- Venue: Beijing Science and Technology University Gymnasium
- Date: 20 August 2008
- Competitors: 16 from 16 nations

Medalists
- 1st place, gold medalist(s):  / Guillermo Pérez / Mexico
- 2nd place, silver medalist(s):  / Gabriel Mercedes / Dominican Republic
- 3rd place, bronze medalist(s):  / Chu Mu-Yen / Chinese Taipei
- 3rd place, bronze medalist(s):  / Rohullah Nikpai / Afghanistan

= Taekwondo at the 2008 Summer Olympics – Men's 58 kg =

Taekwondo competition

The men's 58 kg competition in taekwondo at the 2008 Summer Olympics in Beijing took place on August 20 at the Beijing Science and Technology University Gymnasium.

==Competition format==
The main bracket consisted of a single elimination tournament, culminating in the gold medal match. Two bronze medals were awarded at the taekwondo competitions. A repechage was used to determine the bronze medal winners. Every competitor who lost to one of the two finalists competed in the repechage, another single-elimination competition.
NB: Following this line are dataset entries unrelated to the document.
(* Let $f:\mathbb{R}^d\to\mathbb{R}$ be convex and $M$-Lipschitz, i.e. $|f(x)-f(y)|\le M\|x-y\|$ for all $x,y$, and suppose $X^*\neq\emptyset$. Run the Proximal Bundle Method with parameter $\beta\in(0,1)$ and constant stepsize $\rho_k=\rho>0$ for all $k$. Let $D^2=\sup_k \mathrm{dist}(x_k,X^* )^2$ and assume $0<D^2<\infty$. Then for any $0<\epsilon\le f(x_0)-f^*$, the number of descent steps taken before the first iterate $x_k$ with $f(x_k)-f^*\le\epsilon$ is found is at most $$\frac{2\rho D^2}{\beta\epsilon}+\left\lceil \frac{2\log\left(\frac{f(x_0)-f^*}{\rho D^2}\right)}{\beta}\right\rceil_+,$$ and the number of null steps taken before then is at most $$\frac{48\rho M^2D^4}{\beta(1-\beta)^2\epsilon^3}+\frac{32M^2}{\beta(1-\beta)^2\rho^2D^2}.$$
   Context: Throughout, $f:\mathbb{R}^d\to\mathbb{R}$ is a proper closed convex function attaining its minimum $f^*=\inf f$ on the nonempty set $X^*=\{x: f(x)=f^*\}$; $\mathrm{dist}(x,S)=\inf_{y\in S}\|x-y\|$; $\partial f(x)$ is the convex subdifferential; $\lceil a\rceil_+=\max\{\lceil a\rceil,0\}$. A subgradient oracle returns, for any $x$, the value $f(x)$ and some $g(x)\in\partial f(x)$. Proximal Bundle Method: fix $\beta\in(0,1)$, $x_0=z_0\in\mathbb{R}^d$, $g_0=g(x_0)$, and the initial model $f_0(x)=f(x_0)+\langle g_0,x-x_0\rangle$. At iteration $k\ge0$, given a convex model $f_k:\mathbb{R}^d\to\mathbb{R}$ and stepsize $\rho_k>0$, compute $z_{k+1}=\operatorname{argmin}_z f_k(z)+\frac{\rho_k}{2}\|z-x_k\|^2$. If $\beta(f(x_k)-f_k(z_{k+1}))\le f(x_k)-f(z_{k+1})$, iteration $k$ is a descent step and $x_{k+1}=z_{k+1}$; otherwise it is a null step and $x_{k+1}=x_k$. Then a new convex model $f_{k+1}$ and stepsize $\rho_{k+1}$ are chosen satisfying, with $g_{k+1}=g(z_{k+1})$ and $s_{k+1}=\rho_k(x_k-z_{k+1})$: (1) $f_{k+1}(x)\le f(x)$ for all $x$; (2) $f_{k+1}(x)\ge f(z_{k+1})+\langle g_{k+1},x-z_{k+1}\rangle$ for all $x$; (3) if iteration $k$ was a null step, $f_{k+1}(x)\ge f_k(z_{k+1})+\langle s_{k+1},x-z_{k+1}\rangle$ for all $x$; (4) if iteration $k$ was a null step, $\rho_{k+1}\ge\rho_k$. An $\epsilon$-minimizer is a point $x$ with $f(x)-f^*\le\epsilon$. *)

theory Defs
  imports "HOL-Analysis.Analysis"
begin

definition subdiff :: "('a::real_inner \<Rightarrow> real) \<Rightarrow> 'a \<Rightarrow> 'a set" where
  "subdiff f x = {s. \<forall>y. f y \<ge> f x + inner s (y - x)}"

definition fstar :: "('a \<Rightarrow> real) \<Rightarrow> real" where
  "fstar f = Inf (range f)"

definition Xstar :: "('a \<Rightarrow> real) \<Rightarrow> 'a set" where
  "Xstar f = {x. f x = fstar f}"

definition is_descent ::
  "('a::real_normed_vector \<Rightarrow> real) \<Rightarrow> real \<Rightarrow> (nat \<Rightarrow> 'a \<Rightarrow> real) \<Rightarrow> (nat \<Rightarrow> 'a) \<Rightarrow> (nat \<Rightarrow> 'a) \<Rightarrow> nat \<Rightarrow> bool" where
  "is_descent f \<beta> fm x z k \<longleftrightarrow> \<beta> * (f (x k) - fm k (z (Suc k))) \<le> f (x k) - f (z (Suc k))"

text \<open>A run of the Proximal Bundle Method with subgradient map g, parameter \<beta>,
  stepsize sequence \<rho>, proximal centers x, trial points z and models fm.\<close>
definition pbm_run ::
  "('a::real_inner \<Rightarrow> real) \<Rightarrow> ('a \<Rightarrow> 'a) \<Rightarrow> real \<Rightarrow> (nat \<Rightarrow> real) \<Rightarrow>
   (nat \<Rightarrow> 'a) \<Rightarrow> (nat \<Rightarrow> 'a) \<Rightarrow> (nat \<Rightarrow> 'a \<Rightarrow> real) \<Rightarrow> bool" where
  "pbm_run f g \<beta> \<rho> x z fm \<longleftrightarrow>
     z 0 = x 0 \<and>
     fm 0 = (\<lambda>y. f (x 0) + inner (g (x 0)) (y - x 0)) \<and>
     (\<forall>k. convex_on UNIV (fm k)) \<and>
     (\<forall>k. \<rho> k > 0) \<and>
     (\<forall>k w. fm k (z (Suc k)) + \<rho> k / 2 * (norm (z (Suc k) - x k))\<^sup>2
              \<le> fm k w + \<rho> k / 2 * (norm (w - x k))\<^sup>2) \<and>
     (\<forall>k. x (Suc k) = (if is_descent f \<beta> fm x z k then z (Suc k) else x k)) \<and>
     (\<forall>k y. fm (Suc k) y \<le> f y) \<and>
     (\<forall>k y. fm (Suc k) y \<ge> f (z (Suc k)) + inner (g (z (Suc k))) (y - z (Suc k))) \<and>
     (\<forall>k y. \<not> is_descent f \<beta> fm x z k \<longrightarrow>
        fm (Suc k) y \<ge> fm k (z (Suc k)) + inner (\<rho> k *\<^sub>R (x k - z (Suc k))) (y - z (Suc k))) \<and>
     (\<forall>k. \<not> is_descent f \<beta> fm x z k \<longrightarrow> \<rho> (Suc k) \<ge> \<rho> k)"

end

theory Submission
  imports Defs
begin

(* With h_k = f(x_k) - f^* and the proximal gap e_k = f(x_k) - min_z (f_k(z) + rho/2 |z - x_k|^2),
   comparing with the point on the segment from x_k to a nearest minimizer gives
   e_k >= t h_k - rho t^2 D^2 / 2 for t in [0,1], so e_k >= h_k / 2 while h_k >= rho D^2 and
   e_k >= h_k^2 / (2 rho D^2) afterwards. A descent step lowers h by beta e_k: far from the optimum h
   contracts by the factor 1 - beta/2, close to it 1/h grows by beta / (2 rho D^2); these two phases
   give the two terms of the descent bound. On a null step the new model dominates a convex
   combination of the aggregate cut and the new cut, which raises the proximal value by at least
   c e_k^2 with c = rho (1 - beta)^2 / (8 M^2). So 1/e grows by c per null step, and the null steps
   before the last descent step number at most 1/c times the sum of 1/e_d over descent steps d,
   which the two phases bound again. *)

lemma norm_add_power2:
  fixes a b :: "'a::real_inner"
  shows "(norm (a + b))\<^sup>2 = (norm a)\<^sup>2 + 2 * inner a b + (norm b)\<^sup>2"
  using dot_norm[of a b] by simp

lemma inner_plus_half_norm_ge:
  fixes v u :: "'a::real_inner"
  assumes "0 < r"
  shows "- (norm v)\<^sup>2 / (2 * r) \<le> inner v u + r / 2 * (norm u)\<^sup>2"
proof -
  have "0 \<le> (norm (v + r *\<^sub>R u))\<^sup>2" by simp
  also have "\<dots> = (norm v)\<^sup>2 + 2 * r * inner v u + r\<^sup>2 * (norm u)\<^sup>2"
    by (simp add: norm_add_power2 power_mult_distrib)
  finally show ?thesis using assms by (simp add: field_simps power2_eq_square)
qed

lemma nonneg_if_nonneg_plus_small_multiples:
  fixes A B :: real
  assumes "0 \<le> B" and "\<And>t. 0 < t \<Longrightarrow> t \<le> 1 \<Longrightarrow> 0 \<le> A + t * B"
  shows "0 \<le> A"
proof (rule field_le_epsilon)
  fix e :: real assume "0 < e"
  define t where "t = min 1 (e / (B + 1))"
  have t: "0 < t" "t \<le> 1" using \<open>0 < e\<close> assms(1) by (auto simp: t_def)
  have "t * B \<le> e / (B + 1) * B" using assms(1) by (intro mult_right_mono) (auto simp: t_def)
  also have "\<dots> \<le> e" using \<open>0 < e\<close> assms(1) by (simp add: field_simps)
  finally show "0 \<le> A + e" using assms(2)[OF t] by linarith
qed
Each semifinal loser faced the last remaining repechage competitor from the opposite half of the bracket in a bronze medal match.

==Schedule==
All times are China standard time (UTC+8)

| Date | Time | Round |
|---|---|---|
| Wednesday, 20 August 2008 | 11:00 16:00 17:30 20:30 | Preliminary Round Quarterfinals Semifinals Final |

==Qualifying Athletes==

| Athlete | Country |
|---|---|
| Guillermo Pérez | Mexico |
| Michael Harvey | Great Britain |
| Rohullah Nikpai | Afghanistan |
| Levent Tuncat | Germany |
| Chutchawal Khawlaor | Thailand |
| Jean Moloise Ogoudjobi | Benin |
| Tshomlee Go | Philippines |
| Ryan Carneli | Australia |
| Chu Mu-Yen | Chinese Taipei |
| Dickson Wamwiri | Kenya |
| Gabriel Mercedes | Dominican Republic |
| Pedro Póvoa | Portugal |
| Alfonso Martinez | Belize |
| Juan Antonio Ramos | Spain |
| Reza Naderian | Iran |
| Márcio Wenceslau | Brazil |

==Results==
- Legend
- PTG — Won by points gap
- SUP — Won by superiority
- OT — Won on over time (Golden Point)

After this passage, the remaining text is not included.